2020.09.15

クリエイター集団Social Compassが考える、 アートと社会の未来。

アンコール・ワットで有名なカンボジアは、長期的な内戦で大量虐殺が起こり、国内混乱が続いた国でもあります。海外のNPO・NGOからの支援などが盛んで、「ボランティアの対象国」というイメージを持っている人も少なくありません。 そうした中、クリエイター集団の一般社団法人Social Compass(ソーシャルコンパス)は、これからのカンボジアの「デザイン、アート、クリエイティブ」の可能性に注目し、社会問題をアート・デザインの力で解決しようと、取り組みを続けています。代表の中村英誉さん、デザイナーの貝塚乃梨子さんに、アートが社会にもたらす効果と、未来に残したいと考える「世界を救うクリエイティブ」について話を伺いました。

デザインやアートを使った

“ソーシャルビジネス”。

F.I.N編集部

中村さんがカンボジアに移住した経緯を教えてください。

中村英誉さん(以下、中村さん)

京都造形芸術大学(現・京都芸術大学)を卒業後、イギリスにあるアニメーション制作会社で働いていました。その後帰国して東京にあるベンチャー企業で勤務。
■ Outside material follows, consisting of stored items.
lemma exists_notin_zset:
  assumes "X \<in> C"
  obtains x where "x \<in> E" "x \<notin> zset X"
proof -
  obtain x where "X x \<noteq> Zero"
    using cocircuit_nonzero[OF assms] by (auto simp: zerovec_def)
  then show thesis
    using that signvecs_nonzero_mem[OF cocircuit_signvec[OF assms]] by (auto simp: mem_zero_part_iff)
qed

lemma d_less_card_E: "d < card E"
proof -
  obtain X x where X: "X \<in> C" and x: "x \<in> E" "x \<notin> zset X"
    using exists_cocircuit exists_notin_zset by metis
  then have "zset X \<subset> E"
    using zero_part_subset[of E X] by blast
  then show ?thesis
    using psubset_card_mono[OF finite_E] card_zset[OF \<open>X \<in> C\<close>] by metis
qed

end

section \<open>Vertices of a tope\<close>

locale uom_tope = uom +
  fixes T :: "'a svec"
  assumes tope: "is_tope C T"
begin

text \<open>Otherwise composing T with a cocircuit that is nonzero at x would give a covector
  strictly above T.\<close>
lemma tope_nonzero:
  assumes x: "x \<in> E"
  shows "T x \<noteq> Zero"
proof
  assume Tx: "T x = Zero"
  have "d \<le> card (E - {x})"
    using d_less_card_E x finite_E by simp
  then obtain S where S: "S \<subseteq> E - {x}" "card S = d"
    by (meson obtain_subset_with_card_n)
  then obtain X where X: "X \<in> C" "zset X = S"
    using card_d_subset_zset by (metis Diff_subset image_iff order_trans)
  have Xx: "X x \<noteq> Zero"
    using X S x by (auto simp: mem_zero_part_iff)
  have "comp T X \<in> covectors C"
  proof (cases "T = zerovec")
    case True
    then show ?thesis
      using X(1) by (simp add: comp_def zerovec_def covectors_def compositions.base)
  next
    case False
    then show ?thesis
      using tope comp_compositions compositions.base[OF X(1)] by (simp add: is_tope_def covectors_def)
  qed
  moreover have "sle T (comp T X)"
    by (simp add: sle_def comp_def)
  moreover have "T \<noteq> comp T X"
    using Tx Xx by (metis comp_def)
  ultimately show False
    using tope by (auto simp: is_tope_def sless_def)
qed

text \<open>For R = E these are the vertices of T; shrinking R lets the connectivity proof discard
  one element at a time.\<close>
definition vertex :: "'a set \<Rightarrow> 'a svec \<Rightarrow> bool" where
  "vertex R X \<longleftrightarrow> X \<in> C \<and> zset X \<subseteq> R \<and> (\<forall>x\<in>R. X x = Zero \<or> X x = T x)"

lemma vertex_agrees:
  "vertex R X \<Longrightarrow> R \<subseteq> E \<Longrightarrow> x \<in> R \<Longrightarrow> x \<notin> zset X \<Longrightarrow> X x = T x"
  by (auto simp: vertex_def mem_zero_part_iff)

lemma vertex_insert: "vertex (R - {e}) X \<Longrightarrow> X e = T e \<Longrightarrow> vertex R X"
  by (auto simp: vertex_def)

lemma vertex_unique:
  assumes R: "R \<subseteq> E" and X: "vertex R X" and Y: "vertex R Y" and XY: "zset X = zset Y"
    and x: "x \<in> R" "x \<notin> zset X"
  shows "X = Y"
proof -
  have "X x = T x" "Y x = T x"
    using vertex_agrees[OF X R x] vertex_agrees[OF Y R x(1)] x(2) XY by auto
  then have "X \<noteq> negv Y"
    using sneg_neq_self tope_nonzero R x(1) by (metis negv_apply subsetD)
  then show ?thesis
    using cocircuit_eq_if_zset_eq XY X Y by (auto simp: vertex_def)
qed

lemma vertex_unique_if_card:
  assumes "R \<subseteq> E" "d < card R" "vertex R X" "vertex R Y" "zset X = zset Y"
  shows "X = Y"
proof -
  have "card (zset X) < card R"
    using assms(2,3) card_zset by (simp add: vertex_def)
  then have "\<not> R \<subseteq> zset X"
    using card_mono[OF finite_zset] leD by blast
  then obtain x where "x \<in> R" "x \<notin> zset X"
    by blast
  then show ?thesis
    using vertex_unique assms by blast
qed

lemma vertex_if_sep_empty:
  assumes "Y \<in> C" "zset Y \<subseteq> R" "R \<subseteq> E" "sep Y T \<inter> R = {}"
  shows "vertex R Y"
  unfolding vertex_def
proof (intro conjI ballI assms(1,2))
  fix x assume x: "x \<in> R"
  show "Y x = Zero \<or> Y x = T x"
  proof (rule ccontr)
    assume "\<not> (Y x = Zero \<or> Y x = T x)"
    then have "x \<in> sep Y T"
      using nonzero_sign_cases[of "Y x" "T x"] tope_nonzero[of x] x assms(3)
      by (auto simp: sep_iff)
    then show False
      using x assms(4) by blast
  qed
qed

lemma tope_cocircuits_iff_vertex: "X \<in> tope_cocircuits C T \<longleftrightarrow> vertex E X"
proof
  assume "X \<in> tope_cocircuits C T"
  then show "vertex E X"
    using zero_part_subset[of E X] by (auto simp: tope_cocircuits_def vertex_def sless_def sle_def)
next
  assume v: "vertex E X"
  then have X: "X \<in> C"
    by (simp add: vertex_def)
  have "sle X T"
    using v signvecs_nonzero_mem[OF cocircuit_signvec[OF X]] by (auto simp: vertex_def sle_def)
  moreover obtain x where "x \<in> zset X"
    using card_zset[OF X] d_pos by fastforce
  then have "X \<noteq> T"
    using tope_nonzero by (auto simp: mem_zero_part_iff)
  ultimately show "X \<in> tope_cocircuits C T"
    using X by (simp add: tope_cocircuits_def sless_def)
qed

lemma sep_eliminant_subset:
  assumes R: "R \<subseteq> E" and X: "vertex R X"
    and W: "W e = Zero" "\<forall>x. W x = Zero \<or> W x = X x \<or> W x = Y x"
  shows "sep W T \<inter> R \<subseteq> sep Y T \<inter> R - {e}"
proof
  fix x assume x: "x \<in> sep W T \<inter> R"
  then have Wx: "W x \<noteq> Zero" "T x = sneg (W x)"
    by (auto simp: sep_iff)
  have "W x \<noteq> X x"
    using vertex_agrees[OF X R, of x] x Wx sneg_neq_self R
    by (metis IntD2 mem_zero_part_iff sneg_eq_Zero_iff subsetD)
  then have "W x = Y x"
    using W(2) Wx(1) by metis
  then show "x \<in> sep Y T \<inter> R - {e}"
    using Wx x W(1) by (auto simp: sep_iff)
qed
ちょうどその頃、iPhoneのアプリが出始めていて、独立してフリーランスの“スマホアプリデザイナー”として活動していました。ノマドワーカーだったのですが、東日本大震災が起きて、ノマドでできるなら無理に東京じゃなくてもいいんじゃないかと思い始めて。なんとなくカンボジア・プノンペンを訪れたら、Wi-Fi環境が日本より整っていたので、これは住めるなと思ってそのまま8年間います(笑)。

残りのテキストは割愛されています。